▶ **About this exercise**:
Look through the entries below and extract exactly the lines from the one containing "by (rule card_mono) auto" through the one containing "rank_range by auto", ends included.

Records provided: Begin

(* Let $n\geq 3$. There is no u-p-word for $n$-permutations of the form $u=\Diamond u_2u_3\cdots u_N$ containing exactly one $\Diamond$ (that is, with $u_2,\ldots,u_N$ all integers).
   Context: An $n$-permutation is a permutation of $\{1,\ldots,n\}$. For a word $w$ of distinct numbers, $\mathrm{red}(w)$ is obtained by replacing the $i$-th smallest letter by $i$. Let $\Diamond$ be a symbol not among the integers. A word $f=f_1\cdots f_n$ over the positive integers together with $\Diamond$, whose integer letters are pairwise distinct, covers an $n$-permutation $\pi$ if one can substitute real numbers for the occurrences of $\Diamond$ (independently) so that the resulting word has $n$ pairwise distinct entries and reduces to $\pi$; equivalently, $f_i<f_j\iff\pi_i<\pi_j$ for all positions $i,j$ holding integers. A u-p-word for $n$-permutations is a word $u_1\cdots u_N$, $N\geq n$, over this alphabet containing at least one $\Diamond$, such that every factor $u_i\cdots u_{i+n-1}$ ($1\leq i\leq N-n+1$) has pairwise distinct integer letters and every $n$-permutation is covered by exactly one of these factors. *)

theory Defs
  imports Complex_Main
begin

text \<open>Letters: \<open>None\<close> is the diamond symbol, \<open>Some k\<close> is the positive integer k (k \<ge> 1).
Words and permutations are lists; positions are 0-based.\<close>

type_synonym letter = "nat option"

definition is_perm :: "nat \<Rightarrow> nat list \<Rightarrow> bool" where
  "is_perm n p \<longleftrightarrow> length p = n \<and> distinct p \<and> set p = {1..n}"

definition int_letters_distinct :: "letter list \<Rightarrow> bool" where
  "int_letters_distinct w \<longleftrightarrow> distinct (filter (\<lambda>x. x \<noteq> None) w)"

definition covers :: "letter list \<Rightarrow> nat list \<Rightarrow> bool" where
  "covers f p \<longleftrightarrow> length f = length p \<and>
     (\<exists>r :: real list. length r = length f \<and> distinct r \<and>
        (\<forall>i < length f. \<forall>a. f ! i = Some a \<longrightarrow> r ! i = real a) \<and>
        (\<forall>i < length f. \<forall>j < length f. r ! i < r ! j \<longleftrightarrow> p ! i < p ! j))"

definition factor :: "letter list \<Rightarrow> nat \<Rightarrow> nat \<Rightarrow> letter list" where
  "factor u i n = take n (drop i u)"

definition upword :: "nat \<Rightarrow> letter list \<Rightarrow> bool" where
  "upword n u \<longleftrightarrow> length u \<ge> n \<and> None \<in> set u \<and> Some 0 \<notin> set u \<and>
     (\<forall>i \<le> length u - n. int_letters_distinct (factor u i n)) \<and>
     (\<forall>p. is_perm n p \<longrightarrow> (\<exists>!i. i \<le> length u - n \<and> covers (factor u i n) p))"

end

theory Submission
  imports Defs
begin

text \<open>The first factor covers exactly the
permutations whose entries \<open>2, \<dots>, n\<close> are order-isomorphic to \<open>u\<^sub>2\<cdots>u\<^sub>n\<close>; every other
factor consists of integers only and covers a single permutation. Hence no later factor can
end in a copy of the pattern of \<open>u\<^sub>2\<cdots>u\<^sub>n\<close>, for the permutation it covers would be
covered twice. Now take a permutation whose first \<open>n - 1\<close> entries follow the pattern of
\<open>u\<^sub>2\<cdots>u\<^sub>n\<close> and whose last two entries are ordered unlike \<open>u\<^sub>{n-1}u\<^sub>n\<close>: the first factor
does not cover it, and by the previous remark only the factor \<open>u\<^sub>2\<cdots>u\<^sub>{n+1}\<close> can. For
\<open>n \<ge> 3\<close> there are two such permutations, differing in the relative order of their entries
\<open>n - 2\<close> and \<open>n\<close>, but the all-integer factor \<open>u\<^sub>2\<cdots>u\<^sub>{n+1}\<close> covers only one of them.\<close>

lemma exists_between_finite:
  fixes A B :: "'a::{dense_linorder,no_top,no_bot} set"
  assumes "finite A" "finite B" "\<forall>a\<in>A. \<forall>b\<in>B. a < b"
  shows "\<exists>x. (\<forall>a\<in>A. a < x) \<and> (\<forall>b\<in>B. x < b)"
proof (cases "A = {}"; cases "B = {}")
  assume "A \<noteq> {}" "B \<noteq> {}"
  then have "Max A < Min B" using assms by simp
  then obtain x where x: "Max A < x" "x < Min B" using dense by blast
  have "\<forall>a\<in>A. a < x" using x(1) Max_ge[OF assms(1)] by (auto intro: le_less_trans)
  moreover have "\<forall>b\<in>B. x < b" using x(2) Min_le[OF assms(2)] by (auto intro: less_le_trans)
  ultimately show ?thesis by blast
next
  assume "A \<noteq> {}" "B = {}"
  obtain x where "Max A < x" using gt_ex by blast
  then have "\<forall>a\<in>A. a < x" using Max_ge[OF assms(1)] by (auto intro: le_less_trans)
  then show ?thesis using \<open>B = {}\<close> by blast
next
  assume "A = {}" "B \<noteq> {}"
  obtain x where "x < Min B" using lt_ex by blast
  then have "\<forall>b\<in>B. x < b" using Min_le[OF assms(2)] by (auto intro: less_le_trans)
  then show ?thesis using \<open>A = {}\<close> by blast
qed simp

lemma exists_gap_below:
  fixes a :: "'a::{dense_linorder,no_top,no_bot}"
  assumes "finite S"
  shows "\<exists>x<a. x \<notin> S \<and> (\<forall>s\<in>S. s < a \<longrightarrow> s < x)"
proof -
  have "finite {s\<in>S. s < a}" using assms by simp
  then obtain x where x: "\<forall>s\<in>{s\<in>S. s < a}. s < x" "\<forall>b\<in>{a}. x < b"
    using exists_between_finite[of "{s\<in>S. s < a}" "{a}"] by blast
  then show ?thesis by fastforce
qed

lemma exists_gap_above:
  fixes a :: "'a::{dense_linorder,no_top,no_bot}"
  assumes "finite S"
  shows "\<exists>x>a. x \<notin> S \<and> (\<forall>s\<in>S. a < s \<longrightarrow> x < s)"
proof -
  have "finite {s\<in>S. a < s}" using assms by simp
  then obtain x where x: "\<forall>b\<in>{a}. b < x" "\<forall>s\<in>{s\<in>S. a < s}. x < s"
    using exists_between_finite[of "{a}" "{s\<in>S. a < s}"] by blast
  then show ?thesis by fastforce
qed

lemma exists_perm_order_iso:
  fixes h :: "nat \<Rightarrow> 'a::linorder"
  assumes inj: "inj_on h {..<n}"
  shows "\<exists>q. is_perm n q \<and> (\<forall>j<n. \<forall>k<n. q!j < q!k \<longleftrightarrow> h j < h k)"
proof -
  define rank where "rank j = card {k\<in>{..<n}. h k < h j} + 1" for j
  have rank_mono: "rank j < rank k" if "h j < h k" "j < n" for j k
  proof -
    have "{m\<in>{..<n}. h m < h j} \<subset> {m\<in>{..<n}. h m < h k}"
      using that by (auto dest: less_trans)
    then show ?thesis unfolding rank_def by (simp add: psubset_card_mono)
  qed
  have rank_less_iff: "rank j < rank k \<longleftrightarrow> h j < h k" if "j < n" "k < n" for j k
  proof
    assume "rank j < rank k"
    then have "h j \<noteq> h k" using inj_onD[OF inj, of j k] that by auto
    moreover have "\<not> h k < h j" using rank_mono[of k j] that \<open>rank j < rank k\<close> by auto
    ultimately show "h j < h k" by simp
  qed (use rank_mono that in blast)
  have rank_range: "rank j \<in> {1..n}" if "j < n" for j
  proof -
    have "card {k\<in>{..<n}. h k < h j} \<le> card ({..<n} - {j})"
      by (rule card_mono) auto
    then show ?thesis unfolding rank_def using that by simp
  qed
  have "inj_on rank {0..<n}"
  proof (rule inj_onI)
    fix j k assume "j \<in> {0..<n}" "k \<in> {0..<n}" "rank j = rank k"
    then have "h j = h k" using rank_less_iff[of j k] rank_less_iff[of k j] by auto
    then show "j = k" using inj_onD[OF inj] \<open>j \<in> {0..<n}\<close> \<open>k \<in> {0..<n}\<close> by auto
  qed
  define q where "q = map rank [0..<n]"
  have "distinct q" "length q = n"
    unfolding q_def using \<open>inj_on rank {0..<n}\<close> by (simp_all add: distinct_map)
  moreover have "set q = {1..n}"
  proof (rule card_subset_eq)
    show "set q \<subseteq> {1..n}" unfolding q_def using rank_range by auto
    show "card (set q) = card {1..n}" using \<open>distinct q\<close> \<open>length q = n\<close> by (simp add: distinct_card)
  qed simp
  moreover have "\<forall>j<n. \<forall>k<n. q!j < q!k \<longleftrightarrow> h j < h k"
    unfolding q_def using rank_less_iff by simp
  ultimately show ?thesis unfolding is_perm_def by blast
qed

lemma covers_less_iff:
  assumes "covers f p" "j < length f" "k < length f" "f!j = Some a" "f!k = Some b"
  shows "p!j < p!k \<longleftrightarrow> a < b"
proof -
  obtain r :: "real list" where
    r_int: "\<forall>i < length f. \<forall>a. f ! i = Some a \<longrightarrow> r ! i = real a" and
    r_iso: "\<forall>i < length f. \<forall>j < length f. r ! i < r ! j \<longleftrightarrow> p ! i < p ! j"
    using assms(1) unfolding covers_def by blast
  have "r ! j = real a" "r ! k = real b" using r_int assms(2-) by auto
  moreover have "p ! j < p ! k \<longleftrightarrow> r ! j < r ! k" using r_iso assms(2,3) by simp
  ultimately show ?thesis by simp
qed

lemma coversI:
  fixes r :: "nat \<Rightarrow> real"
  assumes "length f = length p" "distinct p"
    and "\<forall>i<length p. \<forall>a. f!i = Some a \<longrightarrow> r i = real a"
    and "\<forall>i<length p. \<forall>j<length p. r i < r j \<longleftrightarrow> p!i < p!j"
  shows "covers f p"
proof -
  have "inj_on r {..<length p}"
  proof (rule inj_onI)
    fix i j assume "i \<in> {..<length p}" "j \<in> {..<length p}" "r i = r j"
    then have "p ! i = p ! j" using assms(4) by (metis lessThan_iff less_irrefl linorder_neqE)
    then show "i = j" using assms(2) \<open>i \<in> {..<length p}\<close> \<open>j \<in> {..<length p}\<close>
      by (simp add: nth_eq_iff_index_eq)
  qed
  then show ?thesis
    unfolding covers_def using assms(1,3,4)
    by (intro conjI exI[of _ "map r [0..<length p]"]) (auto simp: distinct_map atLeast0LessThan)
qed

lemma extend_order_iso_at_zero:
  fixes g :: "nat \<Rightarrow> 'a::{dense_linorder,no_top,no_bot}" and h :: "nat \<Rightarrow> 'b::linorder"
  assumes inj: "inj_on h {..<n}"
    and iso: "\<forall>j\<in>{1..<n}. \<forall>k\<in>{1..<n}. g j < g k \<longleftrightarrow> h j < h k"
  shows "\<exists>x. \<forall>j<n. \<forall>k<n. (g(0:=x)) j < (g(0:=x)) k \<longleftrightarrow> h j < h k"
proof -
  let ?below = "g ` {j\<in>{1..<n}. h j < h 0}" and ?above = "g ` {j\<in>{1..<n}. h 0 < h j}"
  have fin: "finite ?below" "finite ?above" by (rule finite_imageI, simp)+
  have separated: "\<forall>a\<in>?below. \<forall>b\<in>?above. a < b"
  proof (intro ballI)
    fix a b assume "a \<in> ?below" "b \<in> ?above"
    then obtain j k where jk: "a = g j" "b = g k" "j \<in> {1..<n}" "k \<in> {1..<n}"
      and "h j < h 0" "h 0 < h k"
      by blast
    from \<open>h j < h 0\<close> \<open>h 0 < h k\<close> have "h j < h k" by (rule less_trans)
    then show "a < b" using iso[rule_format, OF jk(3,4)] jk(1,2) by simp
  qed
  obtain x where x: "\<forall>a\<in>?below. a < x" "\<forall>b\<in>?above. x < b"
    using exists_between_finite[OF fin separated] by blast
  have below: "g j < x" if "j \<in> {1..<n}" "h j < h 0" for j
    using x(1) that by blast
  have above: "x < g j" if "j \<in> {1..<n}" "h 0 < h j" for j
    using x(2) that by blast
  have x_iso: "(g j < x \<longleftrightarrow> h j < h 0) \<and> (x < g j \<longleftrightarrow> h 0 < h j)" if "j \<in> {1..<n}" for j
  proof -
    have "h j \<noteq> h 0" using inj_onD[OF inj, of j 0] that by auto
    then consider "h j < h 0" | "h 0 < h j" by fastforce
    then show ?thesis using below[OF that] above[OF that] by cases auto
  qed
  have "(g(0:=x)) j < (g(0:=x)) k \<longleftrightarrow> h j < h k" if "j < n" "k < n" for j k
    using x_iso[of j] x_iso[of k] iso that by (cases "j = 0"; cases "k = 0") auto
  then show ?thesis by blast
qed

lemma nth_neq_if_distinct_filter:
  assumes "distinct (filter P xs)" "j < length xs" "k < length xs" "j \<noteq> k" "P (xs!j)" "P (xs!k)"
  shows "xs!j \<noteq> xs!k"
  using assms
proof (induction xs arbitrary: j k)
  case (Cons y ys)
  then show ?case
    by (cases j; cases k) (auto simp: nth_Cons' split: if_splits)
qed simp

locale diamond_headed_upword =
  fixes n :: nat and u :: "letter list"
  assumes upword: "upword n u"
    and nonempty: "u \<noteq> []"
    and hd_diamond: "hd u = None"
    and tl_integers: "\<forall>x \<in> set (tl u). x \<noteq> None"
begin

text \<open>Positions are 0-based, so \<open>u\<^sub>k\<close> of the paper is \<open>u ! (k - 1)\<close>; \<open>val 0\<close> is a junk value
  since position 0 holds the diamond.\<close>

definition val :: "nat \<Rightarrow> real" where
  "val j = real (the (u ! j))"

lemma length_ge: "n \<le> length u"
  using upword unfolding upword_def by simp

lemma nth_zero: "u ! 0 = None"
  using nonempty hd_diamond by (simp add: hd_conv_nth)

lemma nth_eq_Some:
  assumes "1 \<le> j" "j < length u"
  shows "u ! j = Some (the (u ! j))"
proof -
  have "tl u ! (j - 1) \<in> set (tl u)" using assms by (simp add: nth_mem)
  moreover have "tl u ! (j - 1) = u ! j" using assms by (simp add: nth_tl)
  ultimately show ?thesis using tl_integers by auto
qed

Records provided: End

▶ **Your solution**:
      by (rule card_mono) auto
    then show ?thesis unfolding rank_def using that by simp
  qed
  have "inj_on rank {0..<n}"
  proof (rule inj_onI)
    fix j k assume "j \<in> {0..<n}" "k \<in> {0..<n}" "rank j = rank k"
    then have "h j = h k" using rank_less_iff[of j k] rank_less_iff[of k j] by auto
    then show "j = k" using inj_onD[OF inj] \<open>j \<in> {0..<n}\<close> \<open>k \<in> {0..<n}\<close> by auto
  qed
  define q where "q = map rank [0..<n]"
  have "distinct q" "length q = n"
    unfolding q_def using \<open>inj_on rank {0..<n}\<close> by (simp_all add: distinct_map)
  moreover have "set q = {1..n}"
  proof (rule card_subset_eq)
    show "set q \<subseteq> {1..n}" unfolding q_def using rank_range by auto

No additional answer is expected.